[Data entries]

(* Let $\alpha\in[0,1]$ and let $\mathbf u:[0,\infty)\to\mathbb R^N$ be a differentiable solution of $$\frac{d\mathbf u}{dt}+\alpha\, D A\mathbf u+(1-\alpha)\big(A D\mathbf u+U D\mathbf a\big)=\mathbf 0,\qquad U=\operatorname{diag}(\mathbf u).$$ Define the product-rule defect $\Theta:=DA-AD-\operatorname{diag}(D\mathbf a)$ and $\gamma:=\|\operatorname{diag}(D\mathbf a)+(2\alpha-1)\Theta\|_H$. Then for all $t\ge0$ $$\frac{d}{dt}\|\mathbf u\|_H^2=-\mathbf u^T H\big(\operatorname{diag}(D\mathbf a)+(2\alpha-1)\Theta\big)\mathbf u\le\gamma\|\mathbf u\|_H^2,$$ and consequently $\|\mathbf u(t)\|_H^2\le e^{\gamma t}\|\mathbf u(0)\|_H^2$. In particular, for $\alpha=\tfrac12$ one has $\gamma=\|D\mathbf a\|_\infty=\max_i|(D\mathbf a)_i|$.
   Context: Fix $N\ge2$. $H=\operatorname{diag}(H_{11},\dots,H_{NN})$ with all $H_{ii}>0$; $Q\in\mathbb R^{N\times N}$ satisfies $Q+Q^T=0$ (periodic SBP operator); $D:=H^{-1}Q$. The vector $\mathbf a\in\mathbb R^N$ has entries $a_i>0$ (samples of a positive coefficient $a(x)$ at the nodes) and $A=\operatorname{diag}(\mathbf a)$. For $\mathbf v\in\mathbb R^N$, $\|\mathbf v\|_H^2=\sum_i H_{ii}v_i^2$, and for a matrix $M$, $\|M\|_H=\sup_{\mathbf v\neq0}\|M\mathbf v\|_H/\|\mathbf v\|_H$ (induced norm). *)

theory Defs
  imports "HOL-Analysis.Analysis"
begin

text \<open>Vectors in R^N are modelled as real^'n for a finite index type 'n (N = CARD('n)).\<close>

definition diag_mat :: "real^'n \<Rightarrow> real^'n^'n" where
  "diag_mat v = (\<chi> i j. if i = j then v $ i else 0)"

definition normH :: "real^'n \<Rightarrow> real^'n \<Rightarrow> real" where
  "normH h v = sqrt (\<Sum>i\<in>UNIV. h $ i * (v $ i)^2)"

definition opnormH :: "real^'n \<Rightarrow> real^'n^'n \<Rightarrow> real" where
  "opnormH h M = (SUP v\<in>{v. v \<noteq> 0}. normH h (M *v v) / normH h v)"

end

theory Submission
  imports Defs
begin

text \<open>
  Since \<open>H D = Q\<close> is skew-symmetric, \<open>u\<^sup>T H D A u = u\<^sup>T Q (A u)\<close> while
  \<open>u\<^sup>T H A D u = (A u)\<^sup>T Q u = - u\<^sup>T Q (A u)\<close>, and \<open>u\<^sup>T H U D a = u\<^sup>T H diag(D a) u\<close>.
  Substituting the equation into \<open>d/dt \<parallel>u\<parallel>\<^sub>H\<^sup>2 = 2 u\<^sup>T H u'\<close> therefore leaves only
  \<open>-u\<^sup>T H M u\<close>, which Cauchy-Schwarz for the weighted inner product bounds by
  \<open>\<gamma> \<parallel>u\<parallel>\<^sub>H\<^sup>2\<close>; Gronwall's inequality gives the exponential bound. For \<open>\<alpha> = 1/2\<close> the
  matrix \<open>M = diag(D a)\<close> is diagonal, and the \<open>H\<close>-norm of a diagonal matrix is its largest
  entry in absolute value, attained at a unit vector.
\<close>

lemma diag_mat_mult_vec_nth [simp]: "(diag_mat d *v v) $ i = d $ i * v $ i"
  by (simp add: diag_mat_def matrix_vector_mult_def if_distrib [of "\<lambda>x. x * _"] cong: if_cong)

lemma diag_mat_mult_vec_commute: "diag_mat u *v v = diag_mat v *v u"
  by (simp add: vec_eq_iff)

lemma diag_mat_mult_diag_mat: "diag_mat d ** diag_mat e = diag_mat (\<chi> i. d $ i * e $ i)"
  by (simp add: diag_mat_def matrix_matrix_mult_def vec_eq_iff if_distrib [of "\<lambda>x. x * _"] cong: if_cong)

lemma invertible_diag_mat:
  assumes "\<forall>i. d $ i \<noteq> 0"
  shows "invertible (diag_mat d)"
proof -
  have "diag_mat d ** diag_mat (\<chi> i. 1 / d $ i) = mat 1"
    using assms unfolding diag_mat_mult_diag_mat by (simp add: diag_mat_def mat_def vec_eq_iff)
  then show ?thesis by (auto simp: invertible_right_inverse)
qed

lemma matrix_inv_right:
  assumes "invertible A"
  shows "A ** matrix_inv A = mat 1"
  using someI_ex [OF assms [unfolded invertible_def]] by (simp add: matrix_inv_def)

lemma inner_skew_matrix:
  fixes Q :: "real^'n^'n"
  assumes "Q + transpose Q = 0"
  shows "x \<bullet> (Q *v y) = - (y \<bullet> (Q *v x))"
proof -
  have "transpose Q = - Q" using assms by (simp add: eq_neg_iff_add_eq_0 add.commute)
  then have "x v* Q = - (Q *v x)"
    by (simp add: transpose_matrix_vector [symmetric] vec_eq_iff matrix_vector_mult_def sum_negf)
  then show ?thesis by (simp add: dot_lmul_matrix [symmetric] inner_commute)
qed

lemma energy_rate_identity:
  fixes h a u u' :: "real^'n" and Q D :: "real^'n^'n"
  assumes HD: "diag_mat h ** D = Q" and skew: "Q + transpose Q = 0"
    and A: "A = diag_mat a"
    and M: "M = diag_mat (D *v a) + (2 * \<alpha> - 1) *\<^sub>R (D ** A - A ** D - diag_mat (D *v a))"
    and ode: "u' + \<alpha> *\<^sub>R (D ** A) *v u + (1 - \<alpha>) *\<^sub>R ((A ** D) *v u + diag_mat u *v (D *v a)) = 0"
  shows "2 * (u \<bullet> (diag_mat h *v u')) = - (u \<bullet> (diag_mat h *v (M *v u)))"
proof -
  let ?H = "diag_mat h"
  define X where "X = u \<bullet> (Q *v (A *v u))"
  define Y where "Y = u \<bullet> (?H *v (diag_mat (D *v a) *v u))"
  have DA: "u \<bullet> (?H *v ((D ** A) *v u)) = X"
    unfolding X_def by (metis HD matrix_vector_mul_assoc)
  have "u \<bullet> (?H *v ((A ** D) *v u)) = (A *v u) \<bullet> (?H *v (D *v u))"
    by (simp add: A matrix_vector_mul_assoc [symmetric] inner_vec_def mult_ac)
  also have "\<dots> = - X"
    using inner_skew_matrix [OF skew] by (simp add: X_def HD matrix_vector_mul_assoc)
  finally have AD: "u \<bullet> (?H *v ((A ** D) *v u)) = - X" .
  have UDa: "u \<bullet> (?H *v (diag_mat u *v (D *v a))) = Y"
    by (simp add: Y_def diag_mat_mult_vec_commute)
  have "u' = - (\<alpha> *\<^sub>R (D ** A) *v u + (1 - \<alpha>) *\<^sub>R ((A ** D) *v u + diag_mat u *v (D *v a)))"
    using ode by (subst eq_neg_iff_add_eq_0) (simp add: add.assoc)
  then have "u \<bullet> (?H *v u') = - (\<alpha> * X + (1 - \<alpha>) * (- X + Y))"
    by (simp add: linear_neg [OF matrix_vector_mul_linear] DA AD UDa
        scaleR_matrix_vector_assoc [symmetric] matrix_vector_right_distrib matrix_vector_mult_diff_distrib matrix_vector_mult_scaleR
        inner_add_right inner_diff_right)
  moreover have "u \<bullet> (?H *v (M *v u)) = Y + (2 * \<alpha> - 1) * (X - (- X) - Y)"
    unfolding M
    by (simp add: DA AD Y_def matrix_vector_mult_add_rdistrib matrix_vector_mult_diff_rdistrib
        scaleR_matrix_vector_assoc [symmetric] matrix_vector_right_distrib
        matrix_vector_mult_diff_distrib matrix_vector_mult_scaleR inner_add_right inner_diff_right)
  ultimately show ?thesis by (simp add: algebra_simps)
qed

lemma normH_eq_norm:
  assumes "\<forall>i. 0 \<le> h $ i"
  shows "normH h v = norm (diag_mat (\<chi> i. sqrt (h $ i)) *v v)"
  using assms by (simp add: normH_def norm_vec_def L2_set_def power_mult_distrib)

lemma normH_nonneg: "\<forall>i. 0 \<le> h $ i \<Longrightarrow> 0 \<le> normH h v"
  by (simp add: normH_eq_norm)

lemma normH_pos:
  assumes "\<forall>i. 0 < h $ i" and "v \<noteq> 0"
  shows "0 < normH h v"
proof -
  obtain k where "v $ k \<noteq> 0" using assms(2) by (auto simp: vec_eq_iff)
  then have "diag_mat (\<chi> i. sqrt (h $ i)) *v v \<noteq> 0"
    using assms(1) [rule_format, of k] by (auto simp: vec_eq_iff intro!: exI [of _ k])
  then show ?thesis using assms(1) by (simp add: normH_eq_norm less_imp_le)
qed

lemma power2_normH: "\<forall>i. 0 \<le> h $ i \<Longrightarrow> (normH h v)\<^sup>2 = v \<bullet> (diag_mat h *v v)"
  by (simp add: normH_def inner_vec_def sum_nonneg power2_eq_square mult_ac)

lemma normH_scaleR: "\<forall>i. 0 \<le> h $ i \<Longrightarrow> normH h (c *\<^sub>R v) = \<bar>c\<bar> * normH h v"
  by (simp add: normH_eq_norm matrix_vector_mult_scaleR)

lemma abs_inner_diag_mat_le_normH:
  assumes "\<forall>i. 0 \<le> h $ i"
  shows "\<bar>x \<bullet> (diag_mat h *v y)\<bar> \<le> normH h x * normH h y"
proof -
  let ?S = "diag_mat (\<chi> i. sqrt (h $ i))"
  have "x \<bullet> (diag_mat h *v y) = (?S *v x) \<bullet> (?S *v y)"
    using assms by (simp add: inner_vec_def mult_ac)
  then show ?thesis using Cauchy_Schwarz_ineq2 by (simp add: normH_eq_norm assms)
qed

lemma normH_matrix_bounded:
  assumes "\<forall>i. 0 < h $ i"
  obtains K where "\<And>v. normH h (M *v v) \<le> K * normH h v"
proof -
  define S where "S = diag_mat (\<chi> i. sqrt (h $ i))"
  define S' where "S' = diag_mat (\<chi> i. 1 / sqrt (h $ i))"
  have S'S: "S' *v (S *v v) = v" for v
    using assms by (simp add: S_def S'_def vec_eq_iff less_imp_neq [symmetric])
  obtain K where K: "\<And>w. norm ((S ** M ** S') *v w) \<le> norm w * K"
    using bounded_linear.bounded [OF matrix_vector_mul_bounded_linear] by blast
  have "normH h (M *v v) \<le> K * normH h v" for v
    using K [of "S *v v"] assms
    by (simp add: normH_eq_norm less_imp_le S_def [symmetric] matrix_vector_mul_assoc [symmetric]
        S'S mult.commute)
  then show thesis by (rule that)
qed

lemma bdd_above_opnormH:
  assumes "\<forall>i. 0 < h $ i"
  shows "bdd_above ((\<lambda>v. normH h (M *v v) / normH h v) ` {v. v \<noteq> 0})"
proof -
  obtain K where K: "\<And>v. normH h (M *v v) \<le> K * normH h v"
    using normH_matrix_bounded [OF assms] by blast
  have "normH h (M *v v) / normH h v \<le> K" if "v \<noteq> 0" for v
    using K [of v] normH_pos [OF assms that] by (simp add: divide_le_eq)
  then show ?thesis by (auto intro: bdd_aboveI [of _ K])
qed
theorem mainTheorem14:
  fixes s p :: "'j::finite \<Rightarrow> 'm::finite \<Rightarrow> real"
    and S :: "'m \<Rightarrow> 'j \<Rightarrow> real"
    and K :: "'m set" and E :: "'j set" and J :: "'m \<Rightarrow> 'j"
  assumes "reaction_network s p S"
    and "child_selection s K E J"
    and "unstable_negative_feedback_on K (cs_matrix S J)"
    and "PFF_minus_on K (cs_matrix S J)"
  shows "D_Hopf_on K (cs_matrix S J)"
proof -
  let ?A = "cs_matrix S J"
  have unstable: "hurwitz_unstable_on K ?A" and sign: "sgn (det_on K ?A) = (-1) ^ card K"
    using assms(3) unfolding unstable_negative_feedback_on_def unstable_core_on_def by auto
  have "det_on K ?A \<noteq> 0"
    using sgn_eq_power_imp_pos[OF sign] by auto
  obtain d where "\<forall>j. 0 < d j" and stable: "hurwitz_stable_on K (\<lambda>a b. ?A a b * d b)"
    using PFF_minus_on_D_stabilizable[OF finite assms(4)] by blast
  have "inertia_on K (\<lambda>a b. ?A a b * 1) \<noteq> inertia_on K (\<lambda>a b. ?A a b * d b)"
    using inertia_on_unstable_neq_stable[OF finite unstable stable] by simp
  then show ?thesis
    unfolding D_Hopf_on_def using \<open>det_on K ?A \<noteq> 0\<close> \<open>\<forall>j. 0 < d j\<close>
    by (intro exI[of _ K] conjI exI[of _ "\<lambda>_. 1"] exI[of _ d]) auto
qed

end
lemma borel_measurable_std_normal_integral_param:
  fixes k :: "real \<Rightarrow> real \<Rightarrow> real"
  assumes "continuous_on UNIV (\<lambda>(r,z). k r z)"
  shows "(\<lambda>r. \<integral>z. std_normal_density z * k r z \<partial>lborel) \<in> borel_measurable borel"
proof -
  have "sets (borel \<Otimes>\<^sub>M lborel) = sets (borel :: (real \<times> real) measure)"
    by (metis borel_prod sets_lborel sets_pair_measure_cong)
  then have [measurable]: "(\<lambda>(r,z). k r z) \<in> borel_measurable (borel \<Otimes>\<^sub>M lborel)"
    using borel_measurable_continuous_onI[OF assms] measurable_cong_sets by blast
  show ?thesis by measurable
qed

lemma borel_measurable_continuous_section:
  fixes f :: "real \<Rightarrow> real \<Rightarrow> real"
  assumes "continuous_on (S \<times> UNIV) (\<lambda>(r,y). f r y)" "r \<in> S"
  shows "f r \<in> borel_measurable borel"
proof -
  have "continuous_on UNIV (\<lambda>y. (r, y))" by (intro continuous_intros)
  then show ?thesis
    using continuous_on_compose2[OF assms(1), of UNIV "\<lambda>y. (r, y)"] assms(2)
    by (force intro: borel_measurable_continuous_onI)
qed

### Activity
Write out the lines of the entries, word for word, from the first through the one containing "diag(D a) u\<close>.", and stop at that line.

### Output of the task
(* Let $\alpha\in[0,1]$ and let $\mathbf u:[0,\infty)\to\mathbb R^N$ be a differentiable solution of $$\frac{d\mathbf u}{dt}+\alpha\, D A\mathbf u+(1-\alpha)\big(A D\mathbf u+U D\mathbf a\big)=\mathbf 0,\qquad U=\operatorname{diag}(\mathbf u).$$ Define the product-rule defect $\Theta:=DA-AD-\operatorname{diag}(D\mathbf a)$ and $\gamma:=\|\operatorname{diag}(D\mathbf a)+(2\alpha-1)\Theta\|_H$. Then for all $t\ge0$ $$\frac{d}{dt}\|\mathbf u\|_H^2=-\mathbf u^T H\big(\operatorname{diag}(D\mathbf a)+(2\alpha-1)\Theta\big)\mathbf u\le\gamma\|\mathbf u\|_H^2,$$ and consequently $\|\mathbf u(t)\|_H^2\le e^{\gamma t}\|\mathbf u(0)\|_H^2$. In particular, for $\alpha=\tfrac12$ one has $\gamma=\|D\mathbf a\|_\infty=\max_i|(D\mathbf a)_i|$.
   Context: Fix $N\ge2$. $H=\operatorname{diag}(H_{11},\dots,H_{NN})$ with all $H_{ii}>0$; $Q\in\mathbb R^{N\times N}$ satisfies $Q+Q^T=0$ (periodic SBP operator); $D:=H^{-1}Q$. The vector $\mathbf a\in\mathbb R^N$ has entries $a_i>0$ (samples of a positive coefficient $a(x)$ at the nodes) and $A=\operatorname{diag}(\mathbf a)$. For $\mathbf v\in\mathbb R^N$, $\|\mathbf v\|_H^2=\sum_i H_{ii}v_i^2$, and for a matrix $M$, $\|M\|_H=\sup_{\mathbf v\neq0}\|M\mathbf v\|_H/\|\mathbf v\|_H$ (induced norm). *)

theory Defs
  imports "HOL-Analysis.Analysis"
begin

text \<open>Vectors in R^N are modelled as real^'n for a finite index type 'n (N = CARD('n)).\<close>

definition diag_mat :: "real^'n \<Rightarrow> real^'n^'n" where
  "diag_mat v = (\<chi> i j. if i = j then v $ i else 0)"

definition normH :: "real^'n \<Rightarrow> real^'n \<Rightarrow> real" where
  "normH h v = sqrt (\<Sum>i\<in>UNIV. h $ i * (v $ i)^2)"

definition opnormH :: "real^'n \<Rightarrow> real^'n^'n \<Rightarrow> real" where
  "opnormH h M = (SUP v\<in>{v. v \<noteq> 0}. normH h (M *v v) / normH h v)"

end

theory Submission
  imports Defs
begin

text \<open>
  Since \<open>H D = Q\<close> is skew-symmetric, \<open>u\<^sup>T H D A u = u\<^sup>T Q (A u)\<close> while
  \<open>u\<^sup>T H A D u = (A u)\<^sup>T Q u = - u\<^sup>T Q (A u)\<close>, and \<open>u\<^sup>T H U D a = u\<^sup>T H diag(D a) u\<close>.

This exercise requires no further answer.